Stored data
***

lemma measure_uniform_sphere_coord_subspace_tilted:
  fixes \<nu> :: "(real^'n) measure"
  assumes "uniform_sphere \<nu>" "a \<in> J" "l \<notin> J"
  shows "measure \<nu> {w \<in> coord_subspace (J - {a}). w$a = t * w$l} = measure \<nu> (coord_subspace J)"
proof -
  define c where "c = 1 / sqrt (1 + t\<^sup>2)"
  define s where "s = t * c"
  have "c > 0"
    unfolding c_def by (simp add: add_pos_nonneg)
  have "1 + t\<^sup>2 > 0"
    by (simp add: add_pos_nonneg)
  then have "c\<^sup>2 + s\<^sup>2 = 1"
    unfolding s_def c_def
    by (simp add: power_divide power_mult_distrib) (simp add: add_divide_distrib[symmetric])
  moreover have "a \<noteq> l"
    using assms(2,3) by blast
  ultimately have "orthogonal_transformation (\<lambda>w::real^'n.
      \<chi> i. if i = a then c * w$a - s * w$l else if i = l then s * w$a + c * w$l else w$i)"
    (is "orthogonal_transformation ?rot")
    by (intro orthogonal_transformation_plane_rotation)
  then obtain Q :: "real^'n^'n" where Q: "orthogonal_matrix Q" "\<And>w. Q *v w = ?rot w"
    by (rule orthogonal_transformation_obtains_matrix) blast
  have "Q *v w \<in> coord_subspace J \<longleftrightarrow> w \<in> coord_subspace (J - {a}) \<and> w$a = t * w$l" for w
  proof -
    have "(Q *v w)$a = c * (w$a - t * w$l)"
      using Q(2) by (simp add: s_def algebra_simps)
    moreover have "(Q *v w)$j = w$j" if "j \<in> J - {a}" for j
      using that assms(3) Q(2) by auto
    moreover have "(\<forall>j\<in>J. P j) \<longleftrightarrow> (\<forall>j\<in>J - {a}. P j) \<and> P a" for P
      using assms(2) by blast
    ultimately show ?thesis
      using \<open>c > 0\<close> unfolding coord_subspace_def by simp
  qed
  then have "{w. Q *v w \<in> coord_subspace J} = {w \<in> coord_subspace (J - {a}). w$a = t * w$l}"
    by blast
  then show ?thesis
    using measure_uniform_sphere_orthogonal[OF assms(1) Q(1) coord_subspace_sets, of J] by (simp only:)
qed

lemma measure_uniform_sphere_coord_subspace_UNIV:
  fixes \<nu> :: "(real^'n) measure"
  assumes "uniform_sphere \<nu>"
  shows "measure \<nu> (coord_subspace UNIV) = 0"
proof -
  note sph = uniform_sphereD[OF assms]
  have zero: "coord_subspace UNIV = {0}"
    unfolding coord_subspace_def by (simp add: vec_eq_iff set_eq_iff)
  have "AE w in \<nu>. w \<notin> coord_subspace UNIV"
    using sph(4) by eventually_elim (auto simp: zero)
  moreover have "coord_subspace UNIV \<in> sets \<nu>"
    using sph(2) coord_subspace_sets by simp
  ultimately have "coord_subspace UNIV \<in> null_sets \<nu>"
    using AE_iff_null_sets by blast
  then show ?thesis
    by (rule measure_eq_0_null_sets)
qed

text \<open>The tilted sets \<open>{w \<in> coord_subspace (J - {a}). w$a = t * w$l}\<close>, \<open>t = 0, 1, 2, \<dots>\<close>, all
  have the measure of \<open>coord_subspace J\<close> and pairwise meet only in \<open>coord_subspace (insert l J)\<close>.\<close>
lemma measure_uniform_sphere_coord_subspace_step:
  fixes \<nu> :: "(real^'n) measure"
  assumes sph: "uniform_sphere \<nu>" and "a \<in> J" "l \<notin> J"
    and "measure \<nu> (coord_subspace (insert l J)) = 0"
  shows "measure \<nu> (coord_subspace J) = 0"
proof -
  note sph = uniform_sphereD[OF sph]
  interpret prob_space \<nu>
    by (rule sph(1))
  have null: "coord_subspace (insert l J) \<in> null_sets \<nu>"
    using assms(4) sph(2) by (simp add: null_sets_def emeasure_eq_measure coord_subspace_sets)
  define Y where "Y t = {w \<in> coord_subspace (J - {a}). w$a = real t * w$l} - coord_subspace (insert l J)"
    for t :: nat
  have tilted_sets: "{w \<in> coord_subspace (J - {a}). w$a = real t * w$l} \<in> sets \<nu>" for t
  proof -
    have "closed {w::real^'n. w$a = real t * w$l}"
      by (intro closed_Collect_eq continuous_intros)
    then have "coord_subspace (J - {a}) \<inter> {w. w$a = real t * w$l} \<in> sets borel"
      by (intro sets.Int coord_subspace_sets borel_closed)
    then show ?thesis
      using sph(2) by (simp add: Collect_conj_eq)
  qed
  have "measure \<nu> (Y t) = measure \<nu> (coord_subspace J)" for t
    unfolding Y_def measure_Diff_null_set[OF tilted_sets null]
    by (rule measure_uniform_sphere_coord_subspace_tilted[OF assms(1-3)])
  moreover have "disjoint_family Y"
    unfolding disjoint_family_on_def
  proof (intro ballI impI equals0I)
    fix t t' :: nat and w
    assume "t \<noteq> t'" and "w \<in> Y t \<inter> Y t'"
    then have w: "w \<in> coord_subspace (J - {a})" "w \<notin> coord_subspace (insert l J)"
      "w$a = real t * w$l" "w$a = real t' * w$l"
      unfolding Y_def by auto
    then have "real t * w$l = real t' * w$l"
      by linarith
    then have "w$l = 0"
      using \<open>t \<noteq> t'\<close> by simp
    then have "w \<in> coord_subspace (insert l J)"
      using w(1,3) unfolding coord_subspace_def by auto
    then show False
      using w(2) by blast
  qed
  moreover have "Y t \<in> sets \<nu>" for t
    unfolding Y_def using tilted_sets null by auto
  ultimately show ?thesis
    using disjoint_family_const_measure_eq_0[OF finite_measure_axioms] by blast
qed

lemma measure_uniform_sphere_coord_subspace:
  fixes \<nu> :: "(real^'n) measure"
  assumes sph: "uniform_sphere \<nu>" and "J \<noteq> {}"
  shows "measure \<nu> (coord_subspace J) = 0"
  using \<open>J \<noteq> {}\<close>
proof (induction "card (UNIV - J)" arbitrary: J)
  case 0
  then have "J = UNIV"
    by (metis Diff_eq_empty_iff card_0_eq finite top.extremum_uniqueI)
  then show ?case
    using measure_uniform_sphere_coord_subspace_UNIV[OF sph] by simp
next
  case (Suc n)
  then obtain l a where "l \<notin> J" "a \<in> J"
    by (metis Diff_iff card.empty equals0I nat.distinct(1))
  have "card (UNIV - insert l J) = card ((UNIV - J) - {l})"
    by (metis Diff_insert)
  also have "\<dots> = n"
    using \<open>l \<notin> J\<close> Suc.hyps(2) by (simp add: card_Diff_singleton)
  finally have "measure \<nu> (coord_subspace (insert l J)) = 0"
    using Suc.hyps(1) by blast
  then show ?case
    by (rule measure_uniform_sphere_coord_subspace_step[OF sph \<open>a \<in> J\<close> \<open>l \<notin> J\<close>])
qed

***

■ Your goal ■
Look above for the line with "using assms(2) by blast"; retype exactly that line, every line after it up to the line with "UNIV \<in> sets", and that line too, nothing else.

■ Result of this exercise ■
      using assms(2) by blast
    ultimately show ?thesis
      using \<open>c > 0\<close> unfolding coord_subspace_def by simp
  qed
  then have "{w. Q *v w \<in> coord_subspace J} = {w \<in> coord_subspace (J - {a}). w$a = t * w$l}"
    by blast
  then show ?thesis
    using measure_uniform_sphere_orthogonal[OF assms(1) Q(1) coord_subspace_sets, of J] by (simp only:)
qed

lemma measure_uniform_sphere_coord_subspace_UNIV:
  fixes \<nu> :: "(real^'n) measure"
  assumes "uniform_sphere \<nu>"
  shows "measure \<nu> (coord_subspace UNIV) = 0"
proof -
  note sph = uniform_sphereD[OF assms]
  have zero: "coord_subspace UNIV = {0}"
    unfolding coord_subspace_def by (simp add: vec_eq_iff set_eq_iff)
  have "AE w in \<nu>. w \<notin> coord_subspace UNIV"
    using sph(4) by eventually_elim (auto simp: zero)
  moreover have "coord_subspace UNIV \<in> sets \<nu>"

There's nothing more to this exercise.